- [Task statement]
Look through the data below for the line with "by (intro Linf_on_mult", and transcribe it exactly together with each line after it up to and including the line with "unfolding g_def by". Give nothing else.
Records for processing Start Marker
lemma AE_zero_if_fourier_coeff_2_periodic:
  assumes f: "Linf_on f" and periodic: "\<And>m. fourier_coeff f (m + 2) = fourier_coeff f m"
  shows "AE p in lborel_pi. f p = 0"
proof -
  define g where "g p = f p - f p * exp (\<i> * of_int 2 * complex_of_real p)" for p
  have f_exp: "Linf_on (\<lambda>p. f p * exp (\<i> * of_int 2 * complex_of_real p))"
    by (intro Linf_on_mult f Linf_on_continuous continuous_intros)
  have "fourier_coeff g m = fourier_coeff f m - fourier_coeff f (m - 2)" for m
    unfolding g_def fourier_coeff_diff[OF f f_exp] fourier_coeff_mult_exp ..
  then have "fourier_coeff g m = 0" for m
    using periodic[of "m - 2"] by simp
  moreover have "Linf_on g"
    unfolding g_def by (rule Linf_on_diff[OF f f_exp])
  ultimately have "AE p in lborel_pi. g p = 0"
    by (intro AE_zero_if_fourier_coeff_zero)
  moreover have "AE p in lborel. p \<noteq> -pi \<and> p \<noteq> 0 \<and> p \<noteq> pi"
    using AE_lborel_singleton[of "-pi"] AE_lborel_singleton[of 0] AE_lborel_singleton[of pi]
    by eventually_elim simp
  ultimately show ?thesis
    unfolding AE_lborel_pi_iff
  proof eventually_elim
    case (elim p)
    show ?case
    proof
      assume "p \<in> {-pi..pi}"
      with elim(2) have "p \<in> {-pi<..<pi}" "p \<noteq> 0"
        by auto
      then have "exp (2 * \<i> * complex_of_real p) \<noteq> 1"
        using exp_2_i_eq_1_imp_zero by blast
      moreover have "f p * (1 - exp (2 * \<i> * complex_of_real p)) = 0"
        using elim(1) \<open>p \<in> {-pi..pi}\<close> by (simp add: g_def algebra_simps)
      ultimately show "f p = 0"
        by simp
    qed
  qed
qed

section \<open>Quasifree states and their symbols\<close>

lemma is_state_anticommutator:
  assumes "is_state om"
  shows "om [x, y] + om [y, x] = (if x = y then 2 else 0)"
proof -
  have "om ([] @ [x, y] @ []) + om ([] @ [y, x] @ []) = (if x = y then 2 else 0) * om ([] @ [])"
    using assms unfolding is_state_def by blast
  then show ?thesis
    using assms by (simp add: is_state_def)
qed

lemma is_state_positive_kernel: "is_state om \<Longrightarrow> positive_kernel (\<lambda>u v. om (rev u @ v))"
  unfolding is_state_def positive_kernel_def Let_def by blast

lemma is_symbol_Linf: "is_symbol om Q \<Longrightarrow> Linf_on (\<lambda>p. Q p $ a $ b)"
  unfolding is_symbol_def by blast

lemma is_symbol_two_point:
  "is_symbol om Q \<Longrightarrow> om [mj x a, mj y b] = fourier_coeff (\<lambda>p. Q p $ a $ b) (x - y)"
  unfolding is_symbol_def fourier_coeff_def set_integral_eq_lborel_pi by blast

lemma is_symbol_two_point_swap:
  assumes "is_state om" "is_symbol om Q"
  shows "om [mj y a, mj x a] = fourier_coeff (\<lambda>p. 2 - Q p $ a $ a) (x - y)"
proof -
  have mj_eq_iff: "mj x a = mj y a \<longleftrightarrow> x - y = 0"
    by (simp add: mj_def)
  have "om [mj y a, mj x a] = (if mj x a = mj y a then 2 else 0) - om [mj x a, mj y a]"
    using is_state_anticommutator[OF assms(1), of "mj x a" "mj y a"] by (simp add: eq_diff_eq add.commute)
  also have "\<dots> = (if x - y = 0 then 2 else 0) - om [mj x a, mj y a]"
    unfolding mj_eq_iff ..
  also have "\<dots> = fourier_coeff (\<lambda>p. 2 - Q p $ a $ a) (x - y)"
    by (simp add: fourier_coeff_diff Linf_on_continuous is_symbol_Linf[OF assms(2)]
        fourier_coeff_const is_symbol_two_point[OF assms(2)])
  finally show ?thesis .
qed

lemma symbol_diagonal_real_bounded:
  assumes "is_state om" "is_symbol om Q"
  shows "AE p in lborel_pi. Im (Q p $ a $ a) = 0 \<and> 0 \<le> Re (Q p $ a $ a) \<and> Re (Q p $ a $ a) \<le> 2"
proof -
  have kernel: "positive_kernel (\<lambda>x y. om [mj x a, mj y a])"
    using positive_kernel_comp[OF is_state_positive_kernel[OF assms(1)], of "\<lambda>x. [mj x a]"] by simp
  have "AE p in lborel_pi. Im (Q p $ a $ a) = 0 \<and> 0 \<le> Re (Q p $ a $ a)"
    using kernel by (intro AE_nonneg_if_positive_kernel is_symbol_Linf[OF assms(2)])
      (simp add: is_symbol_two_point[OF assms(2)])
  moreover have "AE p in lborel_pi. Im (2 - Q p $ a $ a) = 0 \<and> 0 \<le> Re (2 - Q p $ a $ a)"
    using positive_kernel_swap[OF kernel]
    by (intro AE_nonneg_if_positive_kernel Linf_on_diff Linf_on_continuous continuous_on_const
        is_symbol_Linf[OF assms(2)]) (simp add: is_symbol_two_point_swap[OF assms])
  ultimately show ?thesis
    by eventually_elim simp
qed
Records for processing End Marker
- [Task solution]
    by (intro Linf_on_mult f Linf_on_continuous continuous_intros)
  have "fourier_coeff g m = fourier_coeff f m - fourier_coeff f (m - 2)" for m
    unfolding g_def fourier_coeff_diff[OF f f_exp] fourier_coeff_mult_exp ..
  then have "fourier_coeff g m = 0" for m
    using periodic[of "m - 2"] by simp
  moreover have "Linf_on g"
    unfolding g_def by (rule Linf_on_diff[OF f f_exp])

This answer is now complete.